The latest proposed ordinances marked the third time the Taichung City Government is to bolster environmental regulations for the steel industry, which is the second-biggest contributor to air pollution in its jurisdiction, Taichung Environmental Protection Bureau Director Chen Hung-yi (陳宏益) said in a news release.
The regulations — which Taichung previewed on June 9 — have been submitted to the Environmental Protection Administration (EPA) for approval, Chen said, adding that the city aims to promulgate them before the end of the year.

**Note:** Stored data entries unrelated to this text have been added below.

lemma arctan_p_eq_arcsin_p:
  fixes p X :: real
  assumes p: "1 < p" and X: "0 \<le> X" "X < 1"
  shows "arctan_p p X = arcsin_p p (X * (1 + X powr p) powr (-1/p))"
proof -
  define h where "h x = x * (1 + x powr p) powr (-1/p)" for x
  define f where "f t = (1 - t powr p) powr (-1/p)" for t
  have h_le: "0 \<le> h x \<and> h x \<le> x" if "0 \<le> x" for x
  proof -
    have "1 \<le> (1 + x powr p) powr (1/p)"
      using p by (intro ge_one_powr_ge_zero) auto
    then have "(1 + x powr p) powr (-1/p) \<le> 1"
      by (auto simp: powr_minus_divide divide_le_eq)
    then show ?thesis unfolding h_def using that by (simp add: mult_left_le)
  qed
  have "((\<lambda>x. (1 + x powr p) powr (-1 - 1/p) *\<^sub>R f (h x)) has_integral integral {h 0..h X} f) {0..X}"
  proof (rule has_integral_substitution_strong[of "{0}" 0 X h 0 X f])
    show "h ` {0..X} \<subseteq> {0..X}" using h_le by fastforce
    show "continuous_on {0..X} f"
      unfolding f_def using p X by (intro continuous_on_arcsin_p_integrand) auto
    show "continuous_on {0..X} h"
      unfolding h_def using p
      by (intro continuous_intros continuous_on_powr') (auto simp: add_nonneg_eq_0_iff)
    show "(h has_field_derivative (1 + x powr p) powr (-1 - 1/p)) (at x within {0..X})"
      if "x \<in> {0..X} - {0}" for x
      unfolding h_def
      by (rule has_field_derivative_at_within, rule has_real_derivative_arctan_p_substitution)
        (use p that in auto)
  qed (use X h_le[of X] in \<open>auto simp: h_def\<close>)
  then have "((\<lambda>x. 1 / (1 + x powr p)) has_integral integral {h 0..h X} f) {0..X}"
    by (rule has_integral_cong[THEN iffD1, rotated])
      (use p arcsin_p_integrand_arctan_p_substitution[of p] in \<open>auto simp: f_def h_def\<close>)
  then have "arctan_p p X = integral {h 0..h X} f"
    unfolding arctan_p_def by (rule integral_unique)
  then show ?thesis by (simp add: arcsin_p_def f_def[abs_def] h_def)
qed

lemma arctan_p_bounds:
  assumes p: "1 < p" and x: "0 < x" "x < 1"
  shows "(p * (1 + p) * (1 + x powr p) + x powr p) * x
            / (p * (1 + p) * (1 + x powr p) powr (1 + 1/p)) < arctan_p p x \<and>
         arctan_p p x < 2 powr (1/p) * b_p p * (x powr p / (1 + x powr p)) powr (1/p)"
proof -
  define W where "W = x powr p"
  define z where "z = x * (1 + W) powr (-1/p)"
  have W: "0 < W" "W < 1"
    unfolding W_def using p x by (auto intro: powr_less_one_nonneg)
  have z: "0 < z" using x W unfolding z_def by simp
  have zp: "z powr p = W / (1 + W)"
    unfolding z_def W_def by (rule powr_arctan_p_substitution) (use p in simp)
  have zp_half: "z powr p < 1/2" unfolding zp using W by (simp add: field_simps)
  then have "z < 1" using p less_one_if_powr_less_one[of p z] by simp
  have arctan_eq: "arctan_p p x = arcsin_p p z"
    unfolding z_def W_def using p x by (simp add: arctan_p_eq_arcsin_p)
  have lower_eq: "(p * (1 + p) * (1 + W) + W) * x / (p * (1 + p) * (1 + W) powr (1 + 1/p))
                   = (1 + z powr p / (p * (1 + p))) * z"
  proof -
    define v where "v = (1 + W) powr (1/p)"
    have v: "0 < v" unfolding v_def using W by simp
    have v_eqs: "(1 + W) powr (1 + 1/p) = (1 + W) * v" "z = x / v"
      unfolding v_def z_def using W by (simp_all add: powr_add powr_minus_divide)
    have "0 < p * (1 + p) * (1 + W)" using p W by simp
    then show ?thesis unfolding zp unfolding v_eqs using v by (simp add: field_simps)
  qed
  have upper_eq: "2 powr (1/p) * b_p p * (W / (1 + W)) powr (1/p)
                   = z * hypergeom_F (1/p) (1/p) (1 + 1/p) (1/2)"
  proof -
    have "2 powr (1/p) * b_p p = hypergeom_F (1/p) (1/p) (1 + 1/p) (1/2)"
      unfolding b_p_def by (simp add: mult.assoc[symmetric] powr_add[symmetric])
    moreover have "(W / (1 + W)) powr (1/p) = z"
      unfolding zp[symmetric] using z p by (simp add: powr_powr)
    ultimately show ?thesis by (simp only: mult.commute)
  qed
  show ?thesis
    unfolding W_def[symmetric] arctan_eq lower_eq upper_eq
    using arcsin_p_gt[OF p z \<open>z < 1\<close>] arcsin_p_less[OF p z zp_half] by simp
qed

theorem theorem1p1:
  fixes p x :: real
  assumes "p > 1" and "0 < x" and "x < 1"
  shows "(1 + x powr p / (p * (1 + p))) * x < arcsin_p p x \<and>
         arcsin_p p x < pi_p p / 2 * x \<and>
         (1 + (1 - x powr p) / (p * (1 + p))) * (1 - x powr p) powr (1/p) < arccos_p p x \<and>
         arccos_p p x < pi_p p / 2 * (1 - x powr p) powr (1/p) \<and>
         (p * (1 + p) * (1 + x powr p) + x powr p) * x
            / (p * (1 + p) * (1 + x powr p) powr (1 + 1/p)) < arctan_p p x \<and>
         arctan_p p x < 2 powr (1/p) * b_p p * (x powr p / (1 + x powr p)) powr (1/p)"
proof -
  note p = assms(1)
  define y where "y = (1 - x powr p) powr (1/p)"
  have "0 < x powr p" "x powr p < 1"
    using assms by (auto intro: powr_less_one_nonneg)
  then have y: "0 < y" "y < 1" and yp: "y powr p = 1 - x powr p"
    unfolding y_def using p by (auto simp: powr_powr powr01_less_one)
  show ?thesis
    using arcsin_p_bounds[OF p assms(2,3)] arctan_p_bounds[OF assms]
      arcsin_p_bounds[OF p y, unfolded yp, unfolded y_def]
    unfolding arccos_p_def by simp
qed

end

Photo: Chen Chien-chih, Taipei Times
The proposed rules target harmful substances emitted by the steel industry — including dioxin, sulfur oxides, nitrogen oxides and particulate matter — by imposing more stringent limits, he said.
The cap on dioxin would be lowered to an average of 0.2 nanograms per cubic meter when measured at 0°C, down from the current limit of 0.4 nanograms, he said.
The rules apply to emissions from sintering plants and electric arc furnaces, which are the main sources of pollution in the steel manufacturing process, he said.
The proposed ordinances include three-year grace periods for steel operations to upgrade equipment before they could be fined for contravening the new standards, he said.
The proposed regulations say that air pollution is to be measured using samples collected monthly from multiple sites, instead of a single measurement at a fixed location, which would avoid penalizing a factory for a single bad reading, he said.
The city government has already activated a program to help steelmakers upgrade their equipment to reduce pollution or transition away from the industry, he said.
Taichung would prioritize enforcing rules for state-owned and large enterprises over privately owned and smaller ones, he said.
The current regulations are working, as the average particulate matter reading in the city this year through Monday was 1.4 micrograms, the lowest in 16 years, Chen said, citing EPA data.